Christina’s poems told from the perspective of Anarcha, an enslaved woman who was owned by a doctor and used as a guinea pig in his medical research, were perhaps the most affecting of the entire evening. The poems trace Anarcha’s life as a slave, and the transition from her early attempts at living a hopeful life to the agony and confusion of childbirth is completely devastating. Christina’s reading perfectly hit every emotional beat, and the power in her words was truly incredible.

She followed the Anarcha poems with “Birmingham Sunday,” a poem about the bombing of a black Baptist church in 1963 in which four girls were killed. Christina’s reading was reverent yet haunting, juxtaposing the violence of the attack with the faith and community that surrounded the building that was destroyed. During the piece she sang a few lines from a hymn, and the grief in the air during those moments of song was overwhelming.

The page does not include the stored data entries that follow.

lemma expE_relcomp: "expE X G O expE X G \<subseteq> expE X (G O G)"
proof
  fix p assume "p \<in> expE X G O expE X G"
  then obtain A B D where "p = (A, D)" "(A, B) \<in> expE X G" "(B, D) \<in> expE X G"
    by blast
  then have "A \<subseteq> X" "D \<subseteq> X" "A \<subseteq> G `` B" "B \<subseteq> G `` D" "D \<subseteq> G `` B" "B \<subseteq> G `` A"
    unfolding expE_def by auto
  then have "A \<subseteq> G `` (G `` D)" "D \<subseteq> G `` (G `` A)"
    using Image_mono[OF order_refl, of B _ G] by (meson subset_trans)+
  with \<open>A \<subseteq> X\<close> \<open>D \<subseteq> X\<close> show "p \<in> expE X (G O G)"
    unfolding expE_def relcomp_Image \<open>p = (A, D)\<close> by blast
qed

lemma Id_on_Pow_subset_expE: "Id_on (Pow X) \<subseteq> expE X (Id_on X)"
  unfolding expE_def by blast

lemma complements_in_expE_iff:
  assumes "Id_on X \<subseteq> G" "x \<in> X" "y \<in> X"
  shows "(X - {x}, X - {y}) \<in> expE X G \<longleftrightarrow>
           x = y \<or> (x \<in> displaced X G \<and> y \<in> displaced X G)"
  using assms unfolding expE_def displaced_def by blast

lemma image_the_inv_into_pairs:
  assumes "inj_on f X" "F \<subseteq> f ` X \<times> f ` X"
  shows "(\<lambda>(u, v). (the_inv_into X f u, the_inv_into X f v)) ` F
           = {(x, y) \<in> X \<times> X. (f x, f y) \<in> F}"
proof (intro equalityI subsetI)
  fix p assume "p \<in> (\<lambda>(u, v). (the_inv_into X f u, the_inv_into X f v)) ` F"
  then obtain x y where "x \<in> X" "y \<in> X" "(f x, f y) \<in> F" "p = (x, y)"
    using assms by (auto simp: the_inv_into_f_f)
  then show "p \<in> {(x, y) \<in> X \<times> X. (f x, f y) \<in> F}" by blast
next
  fix p assume "p \<in> {(x, y) \<in> X \<times> X. (f x, f y) \<in> F}"
  then obtain x y where "x \<in> X" "y \<in> X" "(f x, f y) \<in> F" "p = (x, y)" by blast
  then show "p \<in> (\<lambda>(u, v). (the_inv_into X f u, the_inv_into X f v)) ` F"
    using assms(1) by (auto simp: the_inv_into_f_f intro!: image_eqI[of _ _ "(f x, f y)"])
qed

lemma maximal_independent_subset:
  assumes "sym R"
  obtains I where "I \<subseteq> S" "\<forall>x\<in>I. \<forall>y\<in>I. (x, y) \<in> R \<longrightarrow> x = y"
    "\<forall>y\<in>S - I. \<exists>i\<in>I. (y, i) \<in> R"
proof -
  let ?Ind = "{I. I \<subseteq> S \<and> (\<forall>x\<in>I. \<forall>y\<in>I. (x, y) \<in> R \<longrightarrow> x = y)}"
  have "\<forall>Ch\<in>chains ?Ind. \<Union>Ch \<in> ?Ind"
  proof
    fix Ch assume chain: "Ch \<in> chains ?Ind"
    have members: "I \<subseteq> S" "\<forall>x\<in>I. \<forall>y\<in>I. (x, y) \<in> R \<longrightarrow> x = y" if "I \<in> Ch" for I
      using chainsD2[OF chain] that by blast+
    have "x = y" if "x \<in> I" "y \<in> J" "I \<in> Ch" "J \<in> Ch" "(x, y) \<in> R" for x y I J
      using chainsD[OF chain that(3,4)] members(2)[OF that(3)] members(2)[OF that(4)] that(1,2,5)
      by blast
    moreover have "\<Union>Ch \<subseteq> S"
      using members(1) by blast
    ultimately show "\<Union>Ch \<in> ?Ind"
      by (intro CollectI conjI ballI impI) (auto elim!: UnionE)
  qed
  from Zorn_Lemma[OF this] obtain I where I: "I \<in> ?Ind" and max: "\<forall>J\<in>?Ind. I \<subseteq> J \<longrightarrow> J = I" ..
  have "\<exists>i\<in>I. (y, i) \<in> R" if "y \<in> S - I" for y
  proof (rule ccontr)
    assume "\<not> (\<exists>i\<in>I. (y, i) \<in> R)"
    with \<open>sym R\<close> have "insert y I \<in> ?Ind"
      using I that by (auto dest: symD)
    then have "insert y I = I"
      using max[rule_format] by blast
    with that show False by blast
  qed
  with I that show ?thesis by blast
qed

lemma displaced_subset_Image_diff_independent:
  assumes "sym F" "I \<subseteq> displaced X F" and independent: "\<forall>x\<in>I. \<forall>y\<in>I. (x, y) \<in> F \<longrightarrow> x = y"
  shows "displaced X F \<subseteq> (F \<union> Id_on X) `` (displaced X F - I)"
proof
  fix x assume x: "x \<in> displaced X F"
  then have "x \<in> X" by (rule subsetD[OF displaced_subset])
  show "x \<in> (F \<union> Id_on X) `` (displaced X F - I)"
  proof (cases "x \<in> I")
    case False
    with x \<open>x \<in> X\<close> show ?thesis by blast
  next
    case True
    from x obtain w where "w \<in> X" "w \<noteq> x" "(w, x) \<in> F"
      unfolding displaced_def by auto
    \<comment> \<open>By symmetry of F the predecessor w is itself displaced, and independence keeps it out of I.\<close>
    moreover have "(x, w) \<in> F" using \<open>sym F\<close> \<open>(w, x) \<in> F\<close> by (rule symD)
    ultimately have "w \<in> displaced X F" "w \<notin> I"
      using \<open>x \<in> X\<close> independent True unfolding displaced_def by auto
    with \<open>(w, x) \<in> F\<close> show ?thesis by blast
  qed
qed

locale coarse_space =
  fixes X :: "'a set" and C :: "('a \<times> 'a) set set"
  assumes coarse_structure: "coarse_structure X C"
begin

lemma controlled_subset: "E \<in> C \<Longrightarrow> E \<subseteq> X \<times> X"
  using coarse_structure unfolding coarse_structure_def by simp

lemma Id_on_controlled: "Id_on X \<in> C"
  using coarse_structure unfolding coarse_structure_def by simp

lemma controlled_mono: "E \<in> C \<Longrightarrow> F \<subseteq> E \<Longrightarrow> F \<in> C"
  using coarse_structure unfolding coarse_structure_def by simp

lemma controlled_Un: "E \<in> C \<Longrightarrow> F \<in> C \<Longrightarrow> E \<union> F \<in> C"
  using coarse_structure unfolding coarse_structure_def by simp

lemma controlled_converse: "E \<in> C \<Longrightarrow> E\<inverse> \<in> C"
  using coarse_structure unfolding coarse_structure_def by simp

Fittingly enough the final poem of the evening was about poetry and its role as critique of society. Though it started off fairly subdued, the piece quickly exploded with rage and frustration and, most importantly, a desire for change. “If I could write this shit in fire, I would write this shit in fire,” was one of the most powerfully delivered lines of the entire evening.

Unsurprisingly, the opening event was a fantastic way to kick off the Black Heritage Celebration. Each of the three poets gave incredible and memorable readings, and their talents as both writers and performers were on full display. If the rest of the event series is able to maintain the strength of its opening act, then it would be well worth your time to check out what comes next.